Of course, such an encounter would fall very quickly and embarrasingly to a party that had five controllers specializing in area attacks.  That party would itself suffer at the hands of a high-defense solo with Resist.  That same solo would squish rapidly if dogpiled by five Defenders, and those defenders stand a good chance of being attritioned to death by the swarms, on account of their resistance to the general Defender bag of tricks.

Again, I question the XP pool method of generating encounters.  A monster or encounter that is vulnerable to a particularly squishy class, resistant to other classes, and can inflict significant damage is superior; it can focus fire on its weakness until squish has been acheieved, then sit back and let its numbers carry the day from there on out.


----------



## Mustrum_Ridcully (May 25, 2008)

robertliguori said:
			
		

> I greatly question this assertion.  Depending on the specific monsters and specific situation, different tactics will dominate.  Leaders boost the damage output of other monsters in an encounter, either directly with buffs, or indirectly by making the monsters last longer (and take more swings, therefore doing more damage).  If the amount of damage boost a leader grants is less than the difference between the leader's damage and a brute's damage, then adding a brute instead of a leader will be better.
> 
> Besides, we've already seen problematic design imbalances.  Swarms, for instance, can only be effectively fought with area attacks; a group of five swarms with complementary abilities (needlefang swarms, for instance) that are directed to endure the Defender's attacks and focus their fire on leaders until the leaders are beyond healing, then focus on anyone who demonstrates area attack potential, and then have the surviving swarms mop up the rest of the party, seem to be a pretty optimal strategy.
> 
> ...



What's your suggestion on how to build encounters? 
CRs were imprecise and insufficient. XP pools and monster rules are not enough, either.

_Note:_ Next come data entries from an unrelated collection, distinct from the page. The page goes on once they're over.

lemma perm_group_swap_imp_involution:
  assumes G: "perm_group_on Om G" "finite Om"
    and g: "g \<in> G" "g ` A = B" "g ` B = A" and "A \<noteq> B"
  obtains h where "h \<in> G" "h \<circ> h = id" "h \<noteq> id"
proof -
  have "permutation g"
    using G g(1) by (auto simp: perm_group_on_def intro: permutes_imp_permutation)
  then obtain n where "g ^^ n = id" "0 < n"
    by (rule permutation_is_nilpotent)
  then have "\<exists>m. 0 < m \<and> g ^^ m = id"
    by blast
  define m where "m = (LEAST m. 0 < m \<and> g ^^ m = id)"
  have m: "0 < m" "g ^^ m = id"
    using LeastI_ex[OF \<open>\<exists>m. 0 < m \<and> g ^^ m = id\<close>] unfolding m_def by auto
  have orbit: "(g ^^ k) ` A = (if even k then A else B)" for k
  proof (induction k)
    case (Suc k)
    have "(g ^^ Suc k) ` A = g ` ((g ^^ k) ` A)"
      by (simp add: image_comp)
    with Suc.IH g(2,3) show ?case
      by simp
  qed simp
  have "even m"
    using orbit[of m] m(2) \<open>A \<noteq> B\<close> by (auto split: if_splits)
  define h where "h = g ^^ (m div 2)"
  have "m div 2 + m div 2 = m"
    using \<open>even m\<close> by presburger
  then have "h \<circ> h = g ^^ m"
    unfolding h_def funpow_add[symmetric] by simp
  moreover have "h \<noteq> id"
    using not_less_Least[of "m div 2" "\<lambda>m. 0 < m \<and> g ^^ m = id"] m(1) \<open>even m\<close>
    unfolding h_def m_def[symmetric] by auto
  moreover have "h \<in> G"
    unfolding h_def by (rule perm_group_funpow[OF G(1) g(1)])
  ultimately show ?thesis
    using that m(2) by simp
qed

section \<open>Coherent configurations\<close>

lemma extendsE:
  assumes "extends T S" "s \<in> S" "p \<in> s"
  obtains t where "t \<in> T" "p \<in> t" "t \<subseteq> s"
proof -
  have "union_of T s"
    using assms(1,2) unfolding extends_def by blast
  with assms(3) that show ?thesis
    unfolding union_of_def by blast
qed

lemma discrete_coherent_config:
  assumes "finite Om"
  shows "coherent_config Om {{p} | p. p \<in> Om \<times> Om}"
  unfolding coherent_config_def
proof (intro conjI)
  show "union_of {{p} |p. p \<in> Om \<times> Om} (Id_on Om)"
    unfolding union_of_def by (rule exI[of _ "{{(a, a)} | a. a \<in> Om}"]) auto
qed (use assms in auto)

lemma base_number_le: "is_base Om S B \<Longrightarrow> base_number Om S \<le> card B"
  unfolding base_number_def by (rule Least_le) blast

locale coherent_configuration =
  fixes Om :: "'a set" and S :: "('a \<times> 'a) set set"
  assumes coherent: "coherent_config Om S"
begin

lemma coherent_config_parts:
  "finite Om \<and> (\<forall>s\<in>S. s \<noteq> {}) \<and> \<Union>S = Om \<times> Om \<and>
   (\<forall>s\<in>S. \<forall>s'\<in>S. s \<noteq> s' \<longrightarrow> s \<inter> s' = {}) \<and>
   union_of S (Id_on Om) \<and> (\<forall>s\<in>S. converse s \<in> S)"
  using coherent unfolding coherent_config_def by (elim conjE) (intro conjI)

lemma finite_Om: "finite Om"
  using coherent_config_parts by blast

lemma basic_subset: "s \<in> S \<Longrightarrow> s \<subseteq> Om \<times> Om"
  using coherent_config_parts by blast

lemma basic_cover: "p \<in> Om \<times> Om \<Longrightarrow> \<exists>s\<in>S. p \<in> s"
  using coherent_config_parts by blast

lemma basic_eqI: "s \<in> S \<Longrightarrow> s' \<in> S \<Longrightarrow> p \<in> s \<Longrightarrow> p \<in> s' \<Longrightarrow> s = s'"
  using coherent_config_parts by (metis disjoint_iff)

lemma converse_basic: "s \<in> S \<Longrightarrow> converse s \<in> S"
  using coherent_config_parts by simp

lemma basic_nonempty: "s \<in> S \<Longrightarrow> s \<noteq> {}"
  using coherent_config_parts by simp

lemma finite_basic: "s \<in> S \<Longrightarrow> finite s"
  using finite_subset[OF basic_subset finite_cartesian_product[OF finite_Om finite_Om]] .

lemma basic_subset_Id_on:
  assumes "s \<in> S" "(z, z) \<in> s"
  shows "s \<subseteq> Id_on Om"
proof -
  have "union_of S (Id_on Om)"
    using coherent_config_parts by blast
  moreover have "(z, z) \<in> Id_on Om"
    using assms basic_subset by blast
  ultimately obtain e where "e \<in> S" "(z, z) \<in> e" "e \<subseteq> Id_on Om"
    unfolding union_of_def by blast
  with assms basic_eqI show ?thesis by blast
qed

lemma basic_reflexive_eq_Id_on:
  assumes "s \<in> S" "(z, z) \<in> s"
  shows "s = Id_on {w. (w, w) \<in> s}"
  using basic_subset_Id_on[OF assms] by auto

So what do you do? (I don't expect you to have in answer soon. Identifying flaws and fixing them are two different tasks, unfortunately.)

But I think the 4E system as a whole is a lot more helpful.
- You have player character roles. 
- You have monster roles.
- You have monster "weights" (Minion to Solo)
- You have expected XP values
- You have monster levels comparable to PC levels.

If you have an unbalanced party, you can first try to create mixes of monsters with roles that fit the party (whether you want it to be a hard fight or a "fair" fight is up to you, but at least you know which dials you have to move). Then you can mix and match monsters to get the expected XP values, taking into account monster levels so that the monsters are in the ballpark of the PCs.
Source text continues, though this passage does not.